Texas Judge Accidentally Resigns By Posting Future Plans Online
A civil court judge in Harris County inadvertently resigned his position after announcing future plans to run for a seat on the Texas Supreme Court. Now he's counting on his supporters to help him keep his job.
Judge William "Bill" McLeod was elected to the bench of the Harris County Civil Court back in November. After less than three months on the job, McLeod set his sights on a run for the state's highest court and announced his aspirations on his website and social media.

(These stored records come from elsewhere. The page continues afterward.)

(* Let $G$ be a finite group with conjugacy classes $\mathcal{C}_1,\dots,\mathcal{C}_s$, let $r\geq 2$ be a prime, and let $g\in G\wr S_n$ have type $T(g)=(T(g)_{ij})_{s\times n}$. Then for $1\le i\le s$, $1\le j\le n$, $$T(g^r)_{i,j}=\begin{cases}\sum_{z=1}^{m}T(g)_{y_z,j}+rT(g)_{i,rj} & \text{if } r\nmid j,\\ rT(g)_{i,rj} & \text{if } r\mid j,\end{cases}$$ where $\{y_1,\dots,y_m\}\subseteq\{1,\dots,s\}$ is the set of all indices $k$ with $(\mathcal{C}_k)^r=\mathcal{C}_i$, and by convention $T(g)_{i,rj}=0$ when $rj>n$.
   Context: $G\wr S_n$ is the set of pairs $(f,\pi)$ with $f:\{1,\dots,n\}\to G$ and $\pi\in S_n$, with product $(f,\pi)(f',\pi')=(ff'_\pi,\pi\pi')$, $f'_\pi(i)=f'(\pi^{-1}(i))$, pointwise product of functions. For $(f,\pi)$ and a cycle $(j,\pi(j),\dots,\pi^t(j))$ of $\pi$, its cycle product is $f(j)f(\pi^{-1}(j))\cdots f(\pi^{-t}(j))$; its conjugacy class is independent of the starting point. The type $T(g)$ of $g=(f,\pi)$ is the $s\times n$ matrix whose $(i,k)$ entry is the number of $k$-cycles of $\pi$ whose cycle product lies in $\mathcal{C}_i$. For a conjugacy class $\mathcal{C}$ of $G$, $(\mathcal{C})^r=\{x^r: x\in\mathcal{C}\}$, which is again a conjugacy class of $G$. *)

theory Defs
  imports "HOL-Algebra.Group" "HOL-Combinatorics.Permutations" "HOL-Computational_Algebra.Primes"
begin

definition wreath_elem :: "('a, 'b) monoid_scheme \<Rightarrow> nat \<Rightarrow> (nat \<Rightarrow> 'a) \<times> (nat \<Rightarrow> nat) \<Rightarrow> bool" where
  "wreath_elem G n g \<longleftrightarrow> (\<forall>i\<in>{1..n}. fst g i \<in> carrier G) \<and> snd g permutes {1..n}"

definition wreath_mult :: "('a, 'b) monoid_scheme \<Rightarrow> (nat \<Rightarrow> 'a) \<times> (nat \<Rightarrow> nat) \<Rightarrow> (nat \<Rightarrow> 'a) \<times> (nat \<Rightarrow> nat) \<Rightarrow> (nat \<Rightarrow> 'a) \<times> (nat \<Rightarrow> nat)" where
  "wreath_mult G g h = ((\<lambda>i. fst g i \<otimes>\<^bsub>G\<^esub> fst h (Hilbert_Choice.inv (snd g) i)), snd g \<circ> snd h)"

fun wreath_pow :: "('a, 'b) monoid_scheme \<Rightarrow> (nat \<Rightarrow> 'a) \<times> (nat \<Rightarrow> nat) \<Rightarrow> nat \<Rightarrow> (nat \<Rightarrow> 'a) \<times> (nat \<Rightarrow> nat)" where
  "wreath_pow G g 0 = ((\<lambda>i. \<one>\<^bsub>G\<^esub>), id)"
| "wreath_pow G g (Suc m) = wreath_mult G (wreath_pow G g m) g"

definition perm_cycle :: "(nat \<Rightarrow> nat) \<Rightarrow> nat \<Rightarrow> nat set" where
  "perm_cycle p j = {(p ^^ m) j | m. True}"

fun cycle_prod_aux :: "('a, 'b) monoid_scheme \<Rightarrow> (nat \<Rightarrow> 'a) \<Rightarrow> (nat \<Rightarrow> nat) \<Rightarrow> nat \<Rightarrow> nat \<Rightarrow> 'a" where
  "cycle_prod_aux G f p j 0 = \<one>\<^bsub>G\<^esub>"
| "cycle_prod_aux G f p j (Suc m) = f j \<otimes>\<^bsub>G\<^esub> cycle_prod_aux G f p (Hilbert_Choice.inv p j) m"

He also filed with the Texas Ethics Commission for the sake of transparency.
That turned out to be a big mistake.
The Washington Post reports that, not long after his announcements, a colleague warned McLeod that he may have violated Article 16, Section 65 of the Texas Constitution. McLeod, realizing his mistake, removed language related to this plans from his website and social media accounts and retracted his declaration. However, the Harris County Attorney's Office had already learned of the violation and were on the case.
Article 16, Section 65 is meant to prevent elected officials from using their position to campaign for other offices. To prevent ethical violations and tax payer money being wasted in such a way, the clause considers any candidate's announcement of intent to run for another office a resignation from their current position.
According to McLeod, Harris County Commissioners will hold a meeting on April 9 at which they will vote on whether or not to allow McLeod to continue to serve as judge at Harris County Civil Court at Law Number Four until a special election can take place. In a video posted to Facebook (embedded below), McLeod urged supporters to attend the meeting and stand with him.
KHOU-TV reports that some supporters are already making their voices heard. Kandice Webber told KHOU, "Our judges are human. This would not be the first time that a judge has made a mistake. I would beg the court to leave him where he is. This is where Houstonians want him. This is where Harris County wants him, and we made that very loud and clear at the ballot.”
Kandice and fellow McLeod supporter Daniel Cohen have taken to social media to encourage citizens to stand behind McLeod.